Managing Users
User management happens on the Users tab, which is visible only to admins. The tab lists every account with its username, role, enabled state, assignment counts, and a truncated view of its API key.
Creating a user
Section titled “Creating a user”- Click Add User at the top of the Users tab.
- Enter a username. Usernames are case-insensitive and must be unique. Minimum length is 2 characters.
- Enter a password (minimum 4 characters).
- Choose a role — Admin, Operator, or Viewer. See Roles and permissions.
- Click Create.
The new account is immediately active. Operators and Viewers start with no assignments, which means they see no players or zones until you assign some — see Player and zone assignments.
An API key is not generated automatically. Click Regenerate Key on the row if the user needs one.
Editing a user
Section titled “Editing a user”Click the edit icon on a row to change the user’s role or toggle Enabled. Username is fixed for the lifetime of the account — create a new user and delete the old one if you need to rename.
A few guard rails apply:
- You cannot change your own role. Log in as a different admin to demote yourself.
- You cannot disable or demote the last enabled admin. MZAP blocks the change and surfaces an error so you can’t lock yourself out.
Resetting a password
Section titled “Resetting a password”Click the key icon on a row and enter the new password. The old password is replaced immediately; existing sessions for that user remain valid until the user logs out or the workspace is locked.
Non-admin users can change their own password from the user menu but cannot change anyone else’s.
Disabling vs. deleting
Section titled “Disabling vs. deleting”Disable an account to block login without losing its configuration. The user’s assignments, API key, and password hash stay intact, so you can re-enable the account later and everything resumes. Disabled users also cannot authenticate with their API key.
Delete an account to remove it permanently. Deleting a user:
- Invalidates every active session for that user immediately.
- Revokes the user’s API key.
- Does not remove the user’s entry from any workspace assignment lists — stale entries are simply ignored.
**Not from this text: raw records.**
definition xi_max :: "real \<Rightarrow> real" where
  "xi_max lam = lam^2 / 2 * (1 - sqrt (1 - 12 / lam^2))"

definition alpha :: "real \<Rightarrow> real" where
  "alpha eps = 9/8 * eps^2 - 1"

definition lambda_c :: "real \<Rightarrow> real" where
  "lambda_c eps = sqrt (12 / (1 - 4 * alpha eps - 8 * (alpha eps)^2
                          + 8 * alpha eps * sqrt ((alpha eps)^2 + alpha eps)))"

definition case_II :: "real \<Rightarrow> real \<Rightarrow> real \<Rightarrow> bool" where
  "case_II eps lam xi \<longleftrightarrow> eps > 1 \<and> lam > lambda_c eps \<and> xi > xi_max lam \<and> U lam xi < eps^2"

definition eps_min :: "real \<Rightarrow> ereal" where
  "eps_min xi = (if xi \<le> 3 then \<infinity>
                 else if xi < 4 then ereal (sqrt ((1 - 2/xi) * (1 + 1/(xi - 3))))
                 else 1)"

definition lambda_max :: "real \<Rightarrow> real \<Rightarrow> real" where
  "lambda_max eps xi = xi * sqrt (eps^2 / (1 - 2/xi) - 1)"

end

theory Submission
  imports Defs
begin

text \<open>
  With \<open>s = sqrt (1 - 12/\<lambda>\<^sup>2)\<close> the maximum sits at \<open>\<xi>\<^sub>max = 6/(1+s) \<in> (3, 6]\<close> and has height
  \<open>2(2-s)\<^sup>2/(9(1-s))\<close>, which is increasing in \<open>s\<close>, so \<open>\<lambda> > \<lambda>\<^sub>c(\<epsilon>)\<close> makes the barrier higher than
  \<open>\<epsilon>\<^sup>2\<close>. For \<open>3 < \<xi> \<le> 6\<close> the condition \<open>\<xi> > \<xi>\<^sub>max(\<lambda>)\<close> reads \<open>\<lambda>\<^sup>2 < \<mu>\<^sup>2 = \<xi>\<^sup>2/(\<xi>-3)\<close>, where \<open>\<mu>\<close> is the
  angular momentum whose maximum lies exactly at \<open>\<xi>\<close>, with height \<open>\<epsilon>\<^sub>min(\<xi>)\<^sup>2\<close>. Below \<open>\<mu>\<close>,
  \<open>U\<^sub>\<lambda>(\<xi>) < \<epsilon>\<^sup>2\<close> forces \<open>\<epsilon> > \<epsilon>\<^sub>min(\<xi>)\<close>; conversely, if \<open>\<lambda> \<ge> \<mu>\<close> then \<open>\<mu> > \<lambda>\<^sub>c(\<epsilon>)\<close>, so the barrier of
  \<open>\<mu>\<close>, namely \<open>\<epsilon>\<^sub>min(\<xi>)\<^sup>2\<close>, exceeds \<open>\<epsilon>\<^sup>2\<close>. Finally \<open>U\<^sub>\<lambda>(\<xi>) < \<epsilon>\<^sup>2\<close> is just \<open>\<lambda> < \<lambda>\<^sub>max(\<epsilon>, \<xi>)\<close>.
\<close>

lemma sqrt_one_minus_12_div:
  fixes lam :: real
  assumes "lam^2 > 12"
  defines "s \<equiv> sqrt (1 - 12/lam^2)"
  shows "0 \<le> s" "s < 1" "lam^2 * (1 - s^2) = 12"
proof -
  have lam2: "lam^2 > 0" using assms(1) by linarith
  have "0 \<le> 1 - 12/lam^2" using assms(1) by (simp add: divide_le_eq)
  then have s2: "s^2 = 1 - 12/lam^2" unfolding s_def by simp
  show s0: "0 \<le> s" unfolding s_def using \<open>0 \<le> 1 - 12/lam^2\<close> by simp
  have "s^2 < 1^2" using s2 lam2 by simp
  then show "s < 1" using power_less_imp_less_base s0 by fastforce
  show "lam^2 * (1 - s^2) = 12" using s2 lam2 by simp
qed

lemma xi_max_eq:
  fixes lam :: real
  assumes "lam^2 > 12"
  shows "xi_max lam = 6 / (1 + sqrt (1 - 12/lam^2))"
proof -
  define s where "s = sqrt (1 - 12/lam^2)"
  note S = sqrt_one_minus_12_div[OF assms, folded s_def]
  have "lam^2/2 * (1-s) = lam^2 * (1 - s^2) / (2 * (1+s))"
    using S(1) by (simp add: field_simps power2_eq_square)
  also have "\<dots> = 12 / (2 * (1+s))" using S(3) by simp
  also have "\<dots> = 6/(1+s)" using S(1) by (simp add: field_simps)
  finally show ?thesis unfolding xi_max_def s_def .
qed

lemma xi_max_bounds:
  fixes lam :: real
  assumes "lam^2 > 12"
  shows "3 < xi_max lam" "xi_max lam \<le> 6"
proof -
  define s where "s = sqrt (1 - 12/lam^2)"
  have "0 \<le> s" "s < 1" using sqrt_one_minus_12_div[OF assms] unfolding s_def by simp_all
  then show "3 < xi_max lam" "xi_max lam \<le> 6"
    unfolding xi_max_eq[OF assms, folded s_def] by (simp_all add: field_simps)
qed

lemma less_xi_max_iff:
  fixes lam xi :: real
  assumes "lam^2 > 12" and "0 < xi" and "xi \<le> 6"
  shows "xi_max lam < xi \<longleftrightarrow> xi^2 < lam^2 * (xi - 3)"
proof -
  define s where "s = sqrt (1 - 12/lam^2)"
  note S = sqrt_one_minus_12_div[OF assms(1), folded s_def]
  have "xi_max lam < xi \<longleftrightarrow> 6 - xi < xi * s"
    unfolding xi_max_eq[OF assms(1), folded s_def] using S(1)
    by (simp add: divide_less_eq algebra_simps)
  also have "\<dots> \<longleftrightarrow> (6 - xi)^2 < (xi * s)^2"
    using assms(2,3) S(1) by (intro iffI power_strict_mono) (auto intro: power_less_imp_less_base)
  also have "\<dots> \<longleftrightarrow> lam^2 * (6 - xi)^2 < lam^2 * (xi * s)^2"
    using assms(1) by (intro mult_less_cancel_left_pos[symmetric]) linarith
  also have "lam^2 * (xi * s)^2 = xi^2 * (lam^2 * s^2)" by (simp add: power_mult_distrib)
  also have "lam^2 * s^2 = lam^2 - 12" using S(3) by (simp add: algebra_simps)
  also have "lam^2 * (6 - xi)^2 < xi^2 * (lam^2 - 12) \<longleftrightarrow> 12 * xi^2 < 12 * (lam^2 * (xi - 3))"
    by (simp add: power2_eq_square algebra_simps)
  finally show ?thesis by simp
qed

lemma U_xi_max:
  fixes lam :: real
  assumes "lam^2 > 12"
  defines "s \<equiv> sqrt (1 - 12/lam^2)"
  shows "U lam (xi_max lam) = 2 * (2 - s)^2 / (9 * (1 - s))"
proof -
  note S = sqrt_one_minus_12_div[OF assms(1), folded s_def]
  have nz: "1 - s \<noteq> 0" "1 + s \<noteq> 0" using S(1,2) by auto
  have "(1 - s) * (1 + s) = 1 - s^2" by (simp add: power2_eq_square algebra_simps)
  then have lam2: "lam^2 = 12 / ((1 - s) * (1 + s))"
    using S(3) nz by (metis eq_divide_eq mult_eq_0_iff)
  have "1 - 2 / (6 / (1 + s)) = (2 - s) / 3" by (simp add: field_simps)
  moreover have "lam^2 / (6 / (1 + s))^2 = (1 + s) / (3 * (1 - s))"
    unfolding lam2 using nz by (simp add: divide_simps power2_eq_square) (simp add: algebra_simps)
  ultimately have "U lam (xi_max lam) = (2 - s) / 3 * (1 + (1 + s) / (3 * (1 - s)))"
    unfolding U_def xi_max_eq[OF assms(1), folded s_def] by simp
  also have "\<dots> = 2 * (2 - s)^2 / (9 * (1 - s))"
    using nz by (simp add: field_simps power2_eq_square)
  finally show ?thesis .
qed

text \<open>\<open>\<lambda>\<^sub>c(\<epsilon>)\<^sup>2 = 12/(u(2-u))\<close> where \<open>u = 1 - s\<close> is the smaller root of \<open>2(1+u)\<^sup>2 = 9\<epsilon>\<^sup>2u\<close>,
  i.e. of \<open>u\<^sup>2 - (4\<alpha>+2)u + 1 = 0\<close>.\<close>

lemma lambda_c_root:
  fixes eps :: real
  assumes "eps > 1"
  obtains u where "0 < u" "u < 1" "lambda_c eps = sqrt (12 / (u * (2 - u)))"
    "\<And>v. 0 < v \<Longrightarrow> v < u \<Longrightarrow> 9 * eps^2 * v < 2 * (1 + v)^2"
proof -
  define a where "a = alpha eps"
  define r where "r = sqrt (a^2 + a)"
  have a8: "a > 1/8" unfolding a_def alpha_def using assms by (simp add: one_less_power)
  then have r2: "r^2 = a^2 + a" and r0: "r \<ge> 0" unfolding r_def by simp_all
  have "a^2 < r^2" using r2 a8 by simp
  then have ar: "a < r" using r0 by (rule power_less_imp_less_base)
  have "r^2 < (a + 1/2)^2" using r2 by (simp add: power2_eq_square algebra_simps)
  then have ra: "r < a + 1/2" by (rule power_less_imp_less_base) (use a8 in simp)
  define u where "u = 2*a + 1 - 2*r"
  show thesis
  proof
    show "0 < u" "u < 1" unfolding u_def using ar ra by simp_all
    show "lambda_c eps = sqrt (12 / (u * (2 - u)))"
      unfolding lambda_c_def a_def[symmetric] r_def[symmetric] u_def using r2
      by (simp add: power2_eq_square algebra_simps)
  next
    fix v :: real
    assume "0 < v" "v < u"
    have "u < 2*a + 1 + 2*r" unfolding u_def using ar a8 by simp
    then have "0 < (v - u) * (v - (2*a + 1 + 2*r))"
      using \<open>v < u\<close> by (simp add: mult_neg_neg)
    also have "\<dots> = v^2 - (4*a + 2) * v + 1"
      unfolding u_def using r2 by (simp add: power2_eq_square algebra_simps)
    finally show "9 * eps^2 * v < 2 * (1 + v)^2"
      unfolding a_def alpha_def by (simp add: power2_eq_square algebra_simps)
  qed
qed
lemma walk_U_arc:
  assumes "finite V" "A \<subseteq> V \<times> V" "sym A" "(u, v) \<in> A"
  shows "walk_U A V \<phi> (u, v) =
           2 / of_nat (arc_deg A u) * (\<Sum>g\<in>{g \<in> A. snd g = u}. \<phi> g) - \<phi> (v, u)"
proof -
  have vu: "(v, u) \<in> A" using assms(3,4) by (rule symD)
  have u: "u \<in> V" using assms(2,4) by auto
  have "finite A" using assms(1,2) by (simp add: finite_subset)
  then have deg_pos: "arc_deg A u > 0"
    unfolding arc_deg_def using vu by (auto simp: card_gt_0_iff)
  define r where "r = 1 / sqrt (real (arc_deg A u))"
  have r2: "complex_of_real r * complex_of_real r = 1 / of_nat (arc_deg A u)"
    using deg_pos by (simp add: r_def flip: of_real_mult)
  have inner: "(\<Sum>g\<in>A. bd A u g * \<phi> g) = r * (\<Sum>g\<in>{g \<in> A. snd g = u}. \<phi> g)"
  proof -
    have "(\<Sum>g\<in>A. bd A u g * \<phi> g) = (\<Sum>g\<in>A. if snd g = u then r * \<phi> g else 0)"
      by (intro sum.cong) (auto simp: bd_def r_def)
    also have "\<dots> = r * (\<Sum>g\<in>{g \<in> A. snd g = u}. \<phi> g)"
      by (simp add: sum.inter_filter[OF \<open>finite A\<close>, symmetric] sum_distrib_left)
    finally show ?thesis .
  qed
  have outer: "(\<Sum>x\<in>V. cnj (bd A x (v, u)) * (\<Sum>g\<in>A. bd A x g * \<phi> g))
        = r * (\<Sum>g\<in>A. bd A u g * \<phi> g)"
  proof -
    have "(\<Sum>x\<in>V. cnj (bd A x (v, u)) * (\<Sum>g\<in>A. bd A x g * \<phi> g))
          = (\<Sum>x\<in>V. if x = u then r * (\<Sum>g\<in>A. bd A u g * \<phi> g) else 0)"
      using vu by (intro sum.cong) (auto simp: bd_def r_def)
    then show ?thesis using assms(1) u by simp
  qed
  have "walk_U A V \<phi> (u, v) =
          2 * (\<Sum>x\<in>V. cnj (bd A x (v, u)) * (\<Sum>g\<in>A. bd A x g * \<phi> g)) - \<phi> (v, u)"
    using assms(4) by (simp add: walk_U_def Let_def)
  then show ?thesis
    unfolding outer inner by (simp add: r2 flip: mult.assoc)
qed

lemma sum_in_arcs_tail:
  assumes "finite A"
  shows "(\<Sum>g\<in>{g \<in> A. snd g = u}. f (fst g)) = (\<Sum>w\<in>{w. (w, u) \<in> A}. f w)"
proof -
  have "{g \<in> A. snd g = u} = (\<lambda>w. (w, u)) ` {w. (w, u) \<in> A}" by force
  moreover have "finite {w. (w, u) \<in> A}"
    using finite_imageI[OF assms, of fst] by (rule finite_subset[rotated]) force
  ultimately show ?thesis by (simp add: sum.reindex inj_on_def)
qed

lemma walk_U_head_lift:
  assumes "finite V" "A \<subseteq> V \<times> V" "sym A"
  shows "walk_U A V (head_lift A f) = tail_lift A f"
proof
  fix e
  show "walk_U A V (head_lift A f) e = tail_lift A f e"
  proof (cases "e \<in> A")
    case True
    then obtain u v where e: "e = (u, v)" and uv: "(u, v) \<in> A" by (cases e) auto
    have "finite A" using assms(1,2) by (simp add: finite_subset)
    have vu: "(v, u) \<in> A" using assms(3) uv by (rule symD)
    then have deg: "of_nat (arc_deg A u) \<noteq> (0 :: complex)"
      using \<open>finite A\<close> by (auto simp: arc_deg_def card_eq_0_iff)
    have "(\<Sum>g\<in>{g \<in> A. snd g = u}. head_lift A f g) = (\<Sum>g\<in>{g \<in> A. snd g = u}. f (snd g))"
      by (rule sum.cong) (auto simp: head_lift_def)
    also have "\<dots> = of_nat (arc_deg A u) * f u"
      by (simp add: arc_deg_def)
    finally have in_sum: "(\<Sum>g\<in>{g \<in> A. snd g = u}. head_lift A f g) = of_nat (arc_deg A u) * f u" .
    have "walk_U A V (head_lift A f) e =
            2 / of_nat (arc_deg A u) * (of_nat (arc_deg A u) * f u) - f u"
      unfolding e walk_U_arc[OF assms uv] in_sum using vu by (simp add: head_lift_def)
    then show ?thesis
      using deg uv by (simp add: e tail_lift_def)
  qed (simp add: walk_U_outside tail_lift_def)
qed

lemma walk_U_tail_lift_dipole:
  assumes "finite V" "A \<subseteq> V \<times> V" "sym A" and twins: "\<And>u. (x, u) \<in> A \<longleftrightarrow> (y, u) \<in> A"
  shows "walk_U A V (tail_lift A (dipole x y)) = (\<lambda>e. - head_lift A (dipole x y) e)"
proof
  fix e
  show "walk_U A V (tail_lift A (dipole x y)) e = - head_lift A (dipole x y) e"
  proof (cases "e \<in> A")
    case True
    then obtain u v where e: "e = (u, v)" and uv: "(u, v) \<in> A" by (cases e) auto
    have "finite A" using assms(1,2) by (simp add: finite_subset)
    have fin: "finite {w. (w, u) \<in> A}"
      by (rule finite_subset[OF _ assms(1)]) (use assms(2) in auto)
    have vu: "(v, u) \<in> A" using assms(3) uv by (rule symD)
    have "(\<Sum>g\<in>{g \<in> A. snd g = u}. tail_lift A (dipole x y) g)
          = (\<Sum>g\<in>{g \<in> A. snd g = u}. dipole x y (fst g))"
      by (rule sum.cong) (auto simp: tail_lift_def)
    also have "\<dots> = (\<Sum>w\<in>{w. (w, u) \<in> A}. dipole x y w)"
      by (rule sum_in_arcs_tail[OF \<open>finite A\<close>])
    also have "\<dots> = 0"
      using twins[of u] fin by (simp add: dipole_def sum_subtractf)
    finally show ?thesis
      using vu uv by (simp add: e walk_U_arc[OF assms(1-3) uv] head_lift_def tail_lift_def)
  qed (simp add: walk_U_outside head_lift_def)
qed

lemma walk_U_pow_quarter_turn:
  assumes "walk_U A V p = q" "walk_U A V q = (\<lambda>e. - p e)"
  shows "(walk_U A V ^^ n) p = (\<lambda>e. (-1) ^ (n div 2) * (if even n then p e else q e))"
proof (induction n)
  case (Suc n)
  show ?case
  proof (cases "even n")
    case True
    then show ?thesis
      using Suc.IH assms(1) by (simp add: walk_U_scale)
  next
    case False
    then have "Suc n div 2 = Suc (n div 2)" by presburger
    then show ?thesis
      using Suc.IH assms(2) False by (simp add: walk_U_scale)
  qed
qed simp

lemma circ_arcs_subset: "circ_arcs n S \<subseteq> {..<n} \<times> {..<n}"
  by (auto simp: circ_arcs_def)

lemma sym_circ_arcs:
  assumes "\<And>s. s \<in> S \<Longrightarrow> (- s) mod int n \<in> S"
  shows "sym (circ_arcs n S)"
proof (rule symI)
  fix u v assume "(u, v) \<in> circ_arcs n S"
  then have "u < n" "v < n" "(- ((int v - int u) mod int n)) mod int n \<in> S"
    using assms by (auto simp: circ_arcs_def)
  then show "(v, u) \<in> circ_arcs n S"
    by (simp add: circ_arcs_def mod_minus_eq)
qed

lemma circ_in_arcs:
  assumes "S \<subseteq> {0..<int n}" "u < n"
  shows "{g \<in> circ_arcs n S. snd g = u} = (\<lambda>s. (nat ((int u - s) mod int n), u)) ` S"
proof (intro equalityI subsetI)
  fix g assume "g \<in> {g \<in> circ_arcs n S. snd g = u}"
  then obtain w where g: "g = (w, u)" and "w < n" and s: "(int u - int w) mod int n \<in> S"
    by (auto simp: circ_arcs_def)
  then have "nat ((int u - (int u - int w) mod int n) mod int n) = w"
    by (simp add: mod_diff_right_eq)
  then show "g \<in> (\<lambda>s. (nat ((int u - s) mod int n), u)) ` S"
    using g s by force
next
  fix g assume "g \<in> (\<lambda>s. (nat ((int u - s) mod int n), u)) ` S"
  then obtain s where g: "g = (nat ((int u - s) mod int n), u)" and "s \<in> S" by auto
  have "0 \<le> s" "s < int n" using \<open>s \<in> S\<close> assms(1) by auto
  then have "(int u - (int u - s) mod int n) mod int n = s"
    by (simp add: mod_diff_right_eq)
  moreover have "nat ((int u - s) mod int n) < n" using assms(2) by (simp add: nat_less_iff)
  ultimately show "g \<in> {g \<in> circ_arcs n S. snd g = u}"
    using g \<open>s \<in> S\<close> assms(2) by (simp add: circ_arcs_def)
qed

lemma inj_on_circ_in_arc:
  assumes "S \<subseteq> {0..<int n}"
  shows "inj_on (\<lambda>s. (nat ((int u - s) mod int n), u)) S"
proof (rule inj_onI)
  fix s t assume "s \<in> S" "t \<in> S"
    and "(nat ((int u - s) mod int n), u) = (nat ((int u - t) mod int n), u)"
  then have "(int u - (int u - s) mod int n) mod int n = (int u - (int u - t) mod int n) mod int n"
    using assms by (auto simp: eq_nat_nat_iff)
  moreover have "0 \<le> s" "s < int n" "0 \<le> t" "t < int n"
    using \<open>s \<in> S\<close> \<open>t \<in> S\<close> assms by auto
  ultimately show "s = t"
    by (simp add: mod_diff_right_eq)
qed

lemma arc_deg_circ_arcs:
  assumes "S \<subseteq> {0..<int n}" "u < n"
  shows "arc_deg (circ_arcs n S) u = card S"
  unfolding arc_deg_def circ_in_arcs[OF assms]
  using card_image[OF inj_on_circ_in_arc[OF assms(1)]] .

lemma walk_U_circ_arcs:
  assumes "S \<subseteq> {0..<int n}" "\<And>s. s \<in> S \<Longrightarrow> (- s) mod int n \<in> S" "(u, v) \<in> circ_arcs n S"
  shows "walk_U (circ_arcs n S) {..<n} \<phi> (u, v) =
           2 / of_nat (card S) * (\<Sum>s\<in>S. \<phi> (nat ((int u - s) mod int n), u)) - \<phi> (v, u)"
proof -
  have u: "u < n" using assms(3) by (simp add: circ_arcs_def)
  show ?thesis
    using walk_U_arc[OF _ circ_arcs_subset sym_circ_arcs[OF assms(2)] assms(3)]
    by (simp add: arc_deg_circ_arcs[OF assms(1) u] circ_in_arcs[OF assms(1) u]
        sum.reindex[OF inj_on_circ_in_arc[OF assms(1)]])
qed

lemma circ_arcs_reach_dvd:
  assumes "g dvd int n" "\<And>s. s \<in> S \<Longrightarrow> g dvd s" "(u, v) \<in> (circ_arcs n S)\<^sup>*"
  shows "g dvd int v - int u"
  using assms(3)
proof (induction rule: rtrancl_induct)
  case (step v w)
  then have "g dvd (int w - int v) mod int n"
    using assms(2) by (simp add: circ_arcs_def)
  then have "g dvd int w - int v"
    using assms(1) by (simp add: dvd_mod_iff)
  then show ?case
    using step.IH dvd_add by fastforce
qed simp

lemma graph_connected_circ_arcs_dvd_1:
  assumes "graph_connected (circ_arcs n S) {..<n}" "2 \<le> n"
    and "g dvd int n" "\<And>s. s \<in> S \<Longrightarrow> g dvd s"
  shows "g dvd 1"
  using circ_arcs_reach_dvd[OF assms(3,4), where u = 0 and v = 1] assms(1,2)
  by (simp add: graph_connected_def)

lemma dvd_mod_add_iff:
  fixes a b c d :: int
  assumes "c dvd b"
  shows "c dvd a mod b + d \<longleftrightarrow> c dvd a + d" and "c dvd a mod b - d \<longleftrightarrow> c dvd a - d"
proof -
  have "c dvd a - a mod b" using assms dvd_minus_mod dvd_trans by blast
  moreover have "a + d = (a mod b + d) + (a - a mod b)" "a - d = (a mod b - d) + (a - a mod b)"
    by simp_all
  ultimately show "c dvd a mod b + d \<longleftrightarrow> c dvd a + d" "c dvd a mod b - d \<longleftrightarrow> c dvd a - d"
    by (metis dvd_add_left_iff)+
qed

lemma diff_mod_double_eq: "((t :: int) - m) mod (2 * m) = (t + m) mod (2 * m)"
proof -
  have "t + m = (t - m) + 2 * m" by simp
  then show ?thesis by (simp only: mod_add_self2)
qed

locale antipodal_circulant =
  fixes l :: nat and a b :: int and S :: "int set" and A :: "(nat \<times> nat) set"
  assumes S_def: "S = (\<lambda>t. t mod int (2 * l)) ` {a, - a, b, - b}"
    and A_def: "A = circ_arcs (2 * l) S"
    and l_ge_2: "2 \<le> l"
    and card_S: "card S = 4"
    and a_plus_b: "(a + b) mod int (2 * l) = int l"
begin

lemma S_eq:
  "S = {a mod (2 * int l), (a + int l) mod (2 * int l),
        (- a) mod (2 * int l), (int l - a) mod (2 * int l)}"
proof -
  have "b mod (2 * int l) = ((a + b) mod (2 * int l) - a) mod (2 * int l)"
    by (simp add: mod_diff_left_eq)
  then have b: "b mod (2 * int l) = (int l - a) mod (2 * int l)"
    using a_plus_b by simp
  have "(- b) mod (2 * int l) = (a - (a + b) mod (2 * int l)) mod (2 * int l)"
    by (simp add: mod_diff_right_eq)
  also have "\<dots> = (a + int l - 2 * int l) mod (2 * int l)"
    using a_plus_b by simp
  also have "\<dots> = (a + int l) mod (2 * int l)"
    by (rule minus_mod_self2)
  finally have minus_b: "(- b) mod (2 * int l) = (a + int l) mod (2 * int l)" .
  show ?thesis
    unfolding S_def using b minus_b by auto
qed

lemma S_distinct:
  "distinct [a mod (2 * int l), (a + int l) mod (2 * int l),
             (- a) mod (2 * int l), (int l - a) mod (2 * int l)]"
  by (rule card_distinct) (use card_S S_eq in simp)
(* Let $\mathcal{M}$ be a separable metric space, let $f:\mathcal{M}\to\mathcal{M}$ be a continuous bijection with continuous inverse, and let $\mathcal{X}\subseteq\mathcal{M}$ be forward invariant under $f$ and path connected. Consider $x_{k+1}=f(x_k)$ on $\mathcal{X}$ with set of $\omega$-limit sets $\mathcal{W}$ and set of $\alpha$-limit sets $\mathcal{A}$. Suppose: (T1) there exist a separable metric space $\mathcal{Z}$, a continuous bijection $g:\mathcal{Z}\to\mathcal{Z}$ with continuous inverse, and a continuous map $F:\mathcal{X}\to\mathcal{Z}$ with $F\circ f=g\circ F$ on $\mathcal{X}$, such that $z_{k+1}=g(z_k)$ and $z_{k+1}=g^{-1}(z_k)$ on $\mathcal{Z}$ both have closed basins; (T2) every trajectory in $\mathcal{X}$ is forward precompact or backward precompact in $\mathcal{X}$; (T3) $\mathcal{W}\cup\mathcal{A}$ is countable; (T4) for every $\Omega\in\mathcal{W}$ there is a trajectory forward precompact in $\mathcal{X}$ starting in $D^+_{\mathcal{X}}(\Omega)$, and for every $\Gamma\in\mathcal{A}$ there is a trajectory backward precompact in $\mathcal{X}$ starting in $D^-_{\mathcal{X}}(\Gamma)$. If moreover $F$ is one-to-one, then $\mathcal{W}\cup\mathcal{A}$ has exactly one element.
   Context: Forward orbit of $\xi$: $\{f^k(\xi)\mid k\in\mathbb{N}\}$; backward orbit: $\{f^{-k}(\xi)\mid k\in\mathbb{N}\}$. A set $S\subseteq\mathcal{X}$ is precompact if its closure in $\mathcal{X}$ is compact; a trajectory through $\xi$ is forward (backward) precompact if its forward (backward) orbit is precompact. $\omega_{\mathcal{X}}(\xi)$ is the set of $x\in\mathcal{X}$ with $f^{k_j}(\xi)\to x$ for some $k_j\to\infty$; $\alpha_{\mathcal{X}}(\xi)$ likewise with $f^{-k_j}$. $\mathcal{W}=\{\omega_{\mathcal{X}}(\xi)\mid\xi\in\mathcal{X}\}$, $\mathcal{A}=\{\alpha_{\mathcal{X}}(\xi)\mid\xi\in\mathcal{X}\}$, $D^+_{\mathcal{X}}(\Omega)=\{\xi\in\mathcal{X}\mid\omega_{\mathcal{X}}(\xi)=\Omega\}$, $D^-_{\mathcal{X}}(\Gamma)=\{\xi\in\mathcal{X}\mid\alpha_{\mathcal{X}}(\xi)=\Gamma\}$. A system has closed basins if the domain of attraction of each of its $\omega$-limit sets is closed (for a time-reversed system: each domain of repulsion of each $\alpha$-limit set of the original system is closed). Same notions on $\mathcal{Z}$ for $g$. *)

theory Defs
  imports "HOL-Analysis.Analysis"
begin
Re-creating a user with the same username restores their assignments.
Two guards prevent foot-guns:
- You cannot delete your own account.
- You cannot delete the last enabled admin.
Toggling global authentication
Section titled “Toggling global authentication”The header of the Users tab contains the Enable Authentication / Disable Authentication button.
- Enable is only available when at least one enabled admin user exists.
- Disable prompts for confirmation. Once disabled, the login dialog stops appearing and every request is treated as fully privileged. Existing user accounts are preserved — enabling auth again reactivates them immediately.
API equivalents
Section titled “API equivalents”Everything above is exposed on the API for scripting bulk changes or integrating with an external identity system.
| Operation | Endpoint |
|---|---|
| List users | GET /api/users |
| Create user | POST /api/users |
| Update role or enabled state | PUT /api/users/{id} |
| Change password | PUT /api/users/{id}/password |
| Delete user | DELETE /api/users/{id} |
| Get a user’s API key | GET /api/users/{id}/api-key |
| Regenerate API key | POST /api/users/{id}/regenerate-key |
| Toggle global auth | PUT /api/settings with authEnabled |
All of these require an admin token except change password, which a user may call for their own account. Full request and response schemas are in the API Reference.